lemma wb_mp_word_single_le:
  fixes A :: "nat \<Rightarrow> nat \<Rightarrow> 'a::field"
  assumes ut: "upper_tri M N A" and i: "2 \<le> i" "i \<le> M" and MN: "M \<le> N"
    and b: "b \<le> n" and n: "0 < n" and x: "length x = n"
  shows "wb b (mp_word n M N A (single_tuple n i x)) \<le> (N - i + 1) * wb b x + card (straddling_windows b x)"
proof -
  define W0 where "W0 p \<longleftrightarrow> (\<exists>t<b. p + t < n \<and> x ! (p + t) \<noteq> 0)" for p
  define W1 where "W1 p \<longleftrightarrow> (\<exists>t<b. n \<le> p + t \<and> x ! (p + t - n) \<noteq> 0)" for p
  define P where "P = {p. p < n \<and> (\<exists>t<b. x ! ((p + t) mod n) \<noteq> 0)}"
  define J where "J p = {j. j < N \<and>
    (\<exists>t<b. A i ((j + (p + t) div n) mod N + 1) \<noteq> 0 \<and> x ! ((p + t) mod n) \<noteq> 0)}" for p
  have N: "0 < N" using i MN by simp
  have wrap: "(p + t) div n = 1" "(p + t) mod n = p + t - n" if "n \<le> p + t" "p < n" "t < b" for p t
    using that b n by (simp_all add: le_div_geq le_mod_geq)
  have window: "(\<exists>t<b. x ! ((p + t) mod n) \<noteq> 0) \<longleftrightarrow> W0 p \<or> W1 p" if p: "p < n" for p
  proof
    assume "\<exists>t<b. x ! ((p + t) mod n) \<noteq> 0"
    then obtain t where "t < b" "x ! ((p + t) mod n) \<noteq> 0" by blast
    then show "W0 p \<or> W1 p"
      using wrap[OF _ p] unfolding W0_def W1_def by (cases "p + t < n") auto
  next
    assume "W0 p \<or> W1 p"
    then show "\<exists>t<b. x ! ((p + t) mod n) \<noteq> 0"
    proof
      assume "W0 p"
      then obtain t where "t < b" "p + t < n" "x ! (p + t) \<noteq> 0" unfolding W0_def by blast
      then show ?thesis by (intro exI[of _ t]) simp
    next
      assume "W1 p"
      then obtain t where "t < b" "n \<le> p + t" "x ! (p + t - n) \<noteq> 0" unfolding W1_def by blast
      then show ?thesis using wrap[OF _ p] by (intro exI[of _ t]) simp
    qed
  qed
  have P_eq: "P = {p. p < n \<and> (W0 p \<or> W1 p)}" unfolding P_def using window by blast
  have "card (J p) \<le> N - i + 1 + (if W0 p \<and> W1 p then 1 else 0)" if p: "p < n" for p
  proof -
    have above: "i \<le> k" if k: "k \<in> {1..N}" "A i k \<noteq> 0" for k
    proof (rule ccontr)
      assume "\<not> i \<le> k"
      then have "A i k = 0" using ut i k(1) unfolding upper_tri_def by simp
      with k(2) show False by simp
    qed
    have "J p \<subseteq> (if W0 p then {i - 1..<N} else {}) \<union> (if W1 p then {i - 2..<N - 1} else {})"
    proof
      fix j assume "j \<in> J p"
      then obtain t where j: "j < N" and t: "t < b" and A: "A i ((j + (p + t) div n) mod N + 1) \<noteq> 0"
        and nz: "x ! ((p + t) mod n) \<noteq> 0"
        unfolding J_def by auto
      show "j \<in> (if W0 p then {i - 1..<N} else {}) \<union> (if W1 p then {i - 2..<N - 1} else {})"
      proof (cases "p + t < n")
        case True
        then have "W0 p" using t nz unfolding W0_def by auto
        moreover have "i \<le> j + 1" using above[of "j + 1"] A True j by simp
        ultimately show ?thesis using j by auto
      next
        case False
        then have "W1 p" using t nz wrap[OF _ p t] unfolding W1_def by auto
        have "j + 1 < N"
        proof (rule ccontr)
          assume "\<not> j + 1 < N"
          then have "j + 1 = N" using j by simp
          then have "(j + (p + t) div n) mod N + 1 = 1" using wrap[OF _ p t] False by simp
          then show False using above[of 1] A i N by simp
        qed
        moreover have "i \<le> j + 2" using above[of "j + 2"] A \<open>j + 1 < N\<close> wrap[OF _ p t] False by simp
        ultimately show ?thesis using \<open>W1 p\<close> by auto
      qed
    qed
    then have "card (J p) \<le> card ((if W0 p then {i - 1..<N} else {}) \<union> (if W1 p then {i - 2..<N - 1} else {}))"
      by (intro card_mono) simp_all
    also have "\<dots> \<le> N - i + 1 + (if W0 p \<and> W1 p then 1 else 0)"
    proof -
      have "{i - 1..<N} \<union> {i - 2..<N - 1} = {i - 2..<N}" using i MN by auto
      then show ?thesis using i MN by (cases "W0 p"; cases "W1 p") auto
    qed
    finally show ?thesis .
  qed
  then have "(\<Sum>p\<in>P. card (J p)) \<le> (\<Sum>p\<in>P. N - i + 1 + (if W0 p \<and> W1 p then 1 else 0))"
    by (intro sum_mono) (simp add: P_def)
  also have "\<dots> = (\<Sum>p\<in>P. N - i + 1) + (\<Sum>p\<in>P. if W0 p \<and> W1 p then 1 else 0)"
    by (rule sum.distrib)
  also have "\<dots> = (N - i + 1) * card P + card {p \<in> P. W0 p \<and> W1 p}"
    by (simp add: sum.inter_filter[symmetric] P_def)
  also have "{p \<in> P. W0 p \<and> W1 p} = {p. p < n \<and> W0 p \<and> W1 p}" unfolding P_eq by auto
  finally have "(\<Sum>p\<in>P. card (J p)) \<le> (N - i + 1) * card P + card {p. p < n \<and> W0 p \<and> W1 p}" .
  moreover have "wb b (mp_word n M N A (single_tuple n i x)) = (\<Sum>p\<in>P. card (J p))"
    unfolding P_def J_def by (rule wb_mp_word_single) (use i n N in auto)
  moreover have "wb b x = card P" unfolding wb_conv_card x P_def ..
  ultimately show ?thesis unfolding straddling_windows_def W0_def W1_def x by simp
qed

(* r + length x - q is the cyclic distance from position q forward to position r *)
definition wrap_free :: "nat \<Rightarrow> 'a::zero list \<Rightarrow> bool" where
  "wrap_free b x \<longleftrightarrow> (\<forall>q<length x. \<forall>r<length x. r + length x < q + b \<longrightarrow> x ! q = 0 \<or> x ! r = 0)"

**EXERCISE DIRECTIONS:**
Reproduce the data exactly. Keep every line intact.

**EXERCISE RESULT:**
lemma wb_mp_word_single_le:
  fixes A :: "nat \<Rightarrow> nat \<Rightarrow> 'a::field"
  assumes ut: "upper_tri M N A" and i: "2 \<le> i" "i \<le> M" and MN: "M \<le> N"
    and b: "b \<le> n" and n: "0 < n" and x: "length x = n"
  shows "wb b (mp_word n M N A (single_tuple n i x)) \<le> (N - i + 1) * wb b x + card (straddling_windows b x)"
proof -
  define W0 where "W0 p \<longleftrightarrow> (\<exists>t<b. p + t < n \<and> x ! (p + t) \<noteq> 0)" for p
  define W1 where "W1 p \<longleftrightarrow> (\<exists>t<b. n \<le> p + t \<and> x ! (p + t - n) \<noteq> 0)" for p
  define P where "P = {p. p < n \<and> (\<exists>t<b. x ! ((p + t) mod n) \<noteq> 0)}"
  define J where "J p = {j. j < N \<and>
    (\<exists>t<b. A i ((j + (p + t) div n) mod N + 1) \<noteq> 0 \<and> x ! ((p + t) mod n) \<noteq> 0)}" for p
  have N: "0 < N" using i MN by simp
  have wrap: "(p + t) div n = 1" "(p + t) mod n = p + t - n" if "n \<le> p + t" "p < n" "t < b" for p t
    using that b n by (simp_all add: le_div_geq le_mod_geq)
  have window: "(\<exists>t<b. x ! ((p + t) mod n) \<noteq> 0) \<longleftrightarrow> W0 p \<or> W1 p" if p: "p < n" for p
  proof
    assume "\<exists>t<b. x ! ((p + t) mod n) \<noteq> 0"
    then obtain t where "t < b" "x ! ((p + t) mod n) \<noteq> 0" by blast
    then show "W0 p \<or> W1 p"
      using wrap[OF _ p] unfolding W0_def W1_def by (cases "p + t < n") auto
  next
    assume "W0 p \<or> W1 p"
    then show "\<exists>t<b. x ! ((p + t) mod n) \<noteq> 0"
    proof
      assume "W0 p"
      then obtain t where "t < b" "p + t < n" "x ! (p + t) \<noteq> 0" unfolding W0_def by blast
      then show ?thesis by (intro exI[of _ t]) simp
    next
      assume "W1 p"
      then obtain t where "t < b" "n \<le> p + t" "x ! (p + t - n) \<noteq> 0" unfolding W1_def by blast
      then show ?thesis using wrap[OF _ p] by (intro exI[of _ t]) simp
    qed
  qed
  have P_eq: "P = {p. p < n \<and> (W0 p \<or> W1 p)}" unfolding P_def using window by blast
  have "card (J p) \<le> N - i + 1 + (if W0 p \<and> W1 p then 1 else 0)" if p: "p < n" for p
  proof -
    have above: "i \<le> k" if k: "k \<in> {1..N}" "A i k \<noteq> 0" for k
    proof (rule ccontr)
      assume "\<not> i \<le> k"
      then have "A i k = 0" using ut i k(1) unfolding upper_tri_def by simp
      with k(2) show False by simp
    qed
    have "J p \<subseteq> (if W0 p then {i - 1..<N} else {}) \<union> (if W1 p then {i - 2..<N - 1} else {})"
    proof
      fix j assume "j \<in> J p"
      then obtain t where j: "j < N" and t: "t < b" and A: "A i ((j + (p + t) div n) mod N + 1) \<noteq> 0"
        and nz: "x ! ((p + t) mod n) \<noteq> 0"
        unfolding J_def by auto
      show "j \<in> (if W0 p then {i - 1..<N} else {}) \<union> (if W1 p then {i - 2..<N - 1} else {})"
      proof (cases "p + t < n")
        case True
        then have "W0 p" using t nz unfolding W0_def by auto
        moreover have "i \<le> j + 1" using above[of "j + 1"] A True j by simp
        ultimately show ?thesis using j by auto
      next
        case False
        then have "W1 p" using t nz wrap[OF _ p t] unfolding W1_def by auto
        have "j + 1 < N"
        proof (rule ccontr)
          assume "\<not> j + 1 < N"
          then have "j + 1 = N" using j by simp
          then have "(j + (p + t) div n) mod N + 1 = 1" using wrap[OF _ p t] False by simp
          then show False using above[of 1] A i N by simp
        qed
        moreover have "i \<le> j + 2" using above[of "j + 2"] A \<open>j + 1 < N\<close> wrap[OF _ p t] False by simp
        ultimately show ?thesis using \<open>W1 p\<close> by auto
      qed
    qed
    then have "card (J p) \<le> card ((if W0 p then {i - 1..<N} else {}) \<union> (if W1 p then {i - 2..<N - 1} else {}))"
      by (intro card_mono) simp_all
    also have "\<dots> \<le> N - i + 1 + (if W0 p \<and> W1 p then 1 else 0)"
    proof -
      have "{i - 1..<N} \<union> {i - 2..<N - 1} = {i - 2..<N}" using i MN by auto
      then show ?thesis using i MN by (cases "W0 p"; cases "W1 p") auto
    qed
    finally show ?thesis .
  qed
  then have "(\<Sum>p\<in>P. card (J p)) \<le> (\<Sum>p\<in>P. N - i + 1 + (if W0 p \<and> W1 p then 1 else 0))"
    by (intro sum_mono) (simp add: P_def)
  also have "\<dots> = (\<Sum>p\<in>P. N - i + 1) + (\<Sum>p\<in>P. if W0 p \<and> W1 p then 1 else 0)"
    by (rule sum.distrib)
  also have "\<dots> = (N - i + 1) * card P + card {p \<in> P. W0 p \<and> W1 p}"
    by (simp add: sum.inter_filter[symmetric] P_def)
  also have "{p \<in> P. W0 p \<and> W1 p} = {p. p < n \<and> W0 p \<and> W1 p}" unfolding P_eq by auto
  finally have "(\<Sum>p\<in>P. card (J p)) \<le> (N - i + 1) * card P + card {p. p < n \<and> W0 p \<and> W1 p}" .
  moreover have "wb b (mp_word n M N A (single_tuple n i x)) = (\<Sum>p\<in>P. card (J p))"
    unfolding P_def J_def by (rule wb_mp_word_single) (use i n N in auto)
  moreover have "wb b x = card P" unfolding wb_conv_card x P_def ..
  ultimately show ?thesis unfolding straddling_windows_def W0_def W1_def x by simp
qed

(* r + length x - q is the cyclic distance from position q forward to position r *)
definition wrap_free :: "nat \<Rightarrow> 'a::zero list \<Rightarrow> bool" where
  "wrap_free b x \<longleftrightarrow> (\<forall>q<length x. \<forall>r<length x. r + length x < q + b \<longrightarrow> x ! q = 0 \<or> x ! r = 0)"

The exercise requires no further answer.